Above) The same folding of the hexagon using the regularity of the square shape as directive for the folding. This is more inline with traditional symmetry of polygon alignment.


That first fold shows coded information is activated by proportional folding which determines different symmetries. I call this information geocoding for lack of something more descriptive. It happens without construction or formulas. We do not think about geometric shapes as being coding devises for structural development. The folded ratio of 1:2 is structural; two quantities without separation is a set of three. The number 3 is structure coded into the first fold and with consistent development assures structural regeneration. Each of 3, 4, and 5 are further coded to branch into different matrices. Three, four, and five add up to twelve; another form of 1 and 2 or set of 3. Being first this primary code is core to all folding that follows revealing the geometry observed in nature and imbedded in the abstracted symbols we used mathematically.

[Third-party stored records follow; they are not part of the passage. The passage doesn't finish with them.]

lemma mtrace_kron_compression:
  assumes V: "(V::complex mat) \<in> carrier_mat M k" and A: "A \<in> carrier_mat M M" and B: "B \<in> carrier_mat N N"
  shows "mtrace (mat_adjoint (kron V (1\<^sub>m N)) * kron A B * kron V (1\<^sub>m N)) = mtrace (mat_adjoint V * A * V) * mtrace B"
proof -
  have aV: "mat_adjoint V \<in> carrier_mat k M" using V by simp
  have "mat_adjoint (kron V (1\<^sub>m N)) * kron A B = kron (mat_adjoint V * A) (1\<^sub>m N * B)"
    unfolding mat_adjoint_kron mat_adjoint_one by (rule kron_mult_kron[OF aV one_carrier_mat A B])
  also have "\<dots> * kron V (1\<^sub>m N) = kron (mat_adjoint V * A * V) (1\<^sub>m N * B * 1\<^sub>m N)"
    by (rule kron_mult_kron[OF mult_carrier_mat[OF aV A] mult_carrier_mat[OF one_carrier_mat B] V one_carrier_mat])
  also have "1\<^sub>m N * B * 1\<^sub>m N = B" using B by simp
  finally show ?thesis using mtrace_kron[OF mult_carrier_mat[OF mult_carrier_mat[OF aV A] V] B] by simp
qed

lemma kron_isometry_sandwich_scalar:
  assumes Q: "(Q::complex mat) \<in> carrier_mat L r" and QQ: "mat_adjoint Q * Q = 1\<^sub>m r" and B: "B \<in> carrier_mat N N"
  shows "mat_adjoint (kron Q (1\<^sub>m N)) * kron (c \<cdot>\<^sub>m 1\<^sub>m L) B * kron Q (1\<^sub>m N) = kron (c \<cdot>\<^sub>m 1\<^sub>m r) B"
proof -
  have aQ: "mat_adjoint Q \<in> carrier_mat r L" using Q by simp
  have cL: "c \<cdot>\<^sub>m 1\<^sub>m L \<in> carrier_mat L L" by simp
  have "mat_adjoint (kron Q (1\<^sub>m N)) * kron (c \<cdot>\<^sub>m 1\<^sub>m L) B = kron (mat_adjoint Q * (c \<cdot>\<^sub>m 1\<^sub>m L)) (1\<^sub>m N * B)"
    unfolding mat_adjoint_kron mat_adjoint_one by (rule kron_mult_kron[OF aQ one_carrier_mat cL B])
  also have "\<dots> * kron Q (1\<^sub>m N) = kron (mat_adjoint Q * (c \<cdot>\<^sub>m 1\<^sub>m L) * Q) (1\<^sub>m N * B * 1\<^sub>m N)"
    by (rule kron_mult_kron[OF mult_carrier_mat[OF aQ cL] mult_carrier_mat[OF one_carrier_mat B] Q one_carrier_mat])
  also have "mat_adjoint Q * (c \<cdot>\<^sub>m 1\<^sub>m L) * Q = c \<cdot>\<^sub>m 1\<^sub>m r"
    using mult_smult_distrib[OF aQ one_carrier_mat] right_mult_one_mat[OF aQ] mult_smult_assoc_mat[OF aQ Q] QQ by simp
  also have "1\<^sub>m N * B * 1\<^sub>m N = B" using B by simp
  finally show ?thesis .
qed

section \<open>Quadratic forms and positivity\<close>

text \<open>Vectors are n x 1 matrices here, so that quadratic forms compose with matrix products;
  hpd_pos_def connects this to hpd, which is phrased with vec.\<close>
definition quad_form :: "complex mat \<Rightarrow> complex mat \<Rightarrow> complex" where
  "quad_form A v = (mat_adjoint v * A * v) $$ (0,0)"

definition col_of :: "nat \<Rightarrow> (nat \<Rightarrow> complex) \<Rightarrow> complex mat" where
  "col_of n f = mat n 1 (\<lambda>(i,_). f i)"

definition unit_col :: "nat \<Rightarrow> nat \<Rightarrow> complex mat" where
  "unit_col n a = col_of n (\<lambda>i. if i = a then 1 else 0)"

lemma col_of_carrier[simp,intro]: "col_of n f \<in> carrier_mat n 1"
  by (simp add: col_of_def)

lemma col_of_carrier'[simp]: "col_of n f \<in> carrier_mat n (Suc 0)"
  by (simp add: col_of_def)

lemma unit_col_carrier'[simp]: "unit_col n a \<in> carrier_mat n (Suc 0)"
  by (simp add: unit_col_def)

lemma index_col_of[simp]: "i < n \<Longrightarrow> col_of n f $$ (i,0) = f i"
  by (simp add: col_of_def)

lemma unit_col_carrier[simp,intro]: "unit_col n a \<in> carrier_mat n 1"
  unfolding unit_col_def by (rule col_of_carrier)

lemma quad_form_sum: assumes A: "A \<in> carrier_mat n n" and v: "v \<in> carrier_mat n 1"
  shows "quad_form A v = (\<Sum>i<n. \<Sum>j<n. cnj (v $$ (i,0)) * A $$ (i,j) * v $$ (j,0))"
proof -
  have "quad_form A v = (\<Sum>j<n. (\<Sum>i<n. cnj (v $$ (i,0)) * A $$ (i,j)) * v $$ (j,0))"
    using A v by (simp add: quad_form_def scalar_prod_def atLeast0LessThan)
  also have "\<dots> = (\<Sum>j<n. \<Sum>i<n. cnj (v $$ (i,0)) * A $$ (i,j) * v $$ (j,0))"
    by (simp add: sum_distrib_right)
  also have "\<dots> = (\<Sum>i<n. \<Sum>j<n. cnj (v $$ (i,0)) * A $$ (i,j) * v $$ (j,0))"
    by (rule sum.swap)
  finally show ?thesis .
qed

lemma quad_form_unit_col: assumes A: "A \<in> carrier_mat n n" and a: "a < n"
  shows "quad_form A (unit_col n a) = A $$ (a,a)"
proof -
  have "quad_form A (unit_col n a) = (\<Sum>i<n. if i = a then (\<Sum>j<n. if j = a then A $$ (i,j) else 0) else 0)"
    using A a by (subst quad_form_sum[OF A unit_col_carrier], intro sum.cong refl, simp add: unit_col_def if_distrib[of "(*) _"] cong: if_cong)
  also have "\<dots> = A $$ (a,a)" using a by (simp add: sum.delta)
  finally show ?thesis .
qed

Geometry is as much a coding devise for spatial development of complex systems as it is a tool for proving abstract mathematical concepts.

We do not think of basic shapes as coding devises that generate complex geometries because of a traditional position about 2-D construction with emphasis on product. Geocoded information is important to the development of technology just as it is in the geometry which cannot be separated from the instructive information inherent to shapes that make up the forms and systems of the physical and biological world.

While I get excited about the product potential in folding circles, it is the information that it generates and the consistency of development that holds my attention. So here again, as twenty-five years ago, I look at the circle and ask, what it is? Why does it reveal what other shapes can not, yet contains information for all other shapes? How does it easily generate much that we have learned to construct? Why don’t children fold circles? Why isn’t folding circles part of our curriculum? Have we missed some crucial aspect of the circle by only drawing pictures of it? Has Euclid’s influence limited us? Is it because the idea of the circle is a symbol for nothing, where zero prevents us from seeing anything there? Maybe because of how we have defined the circle? I guess it all has something to do with why we continue to ignore folding circles.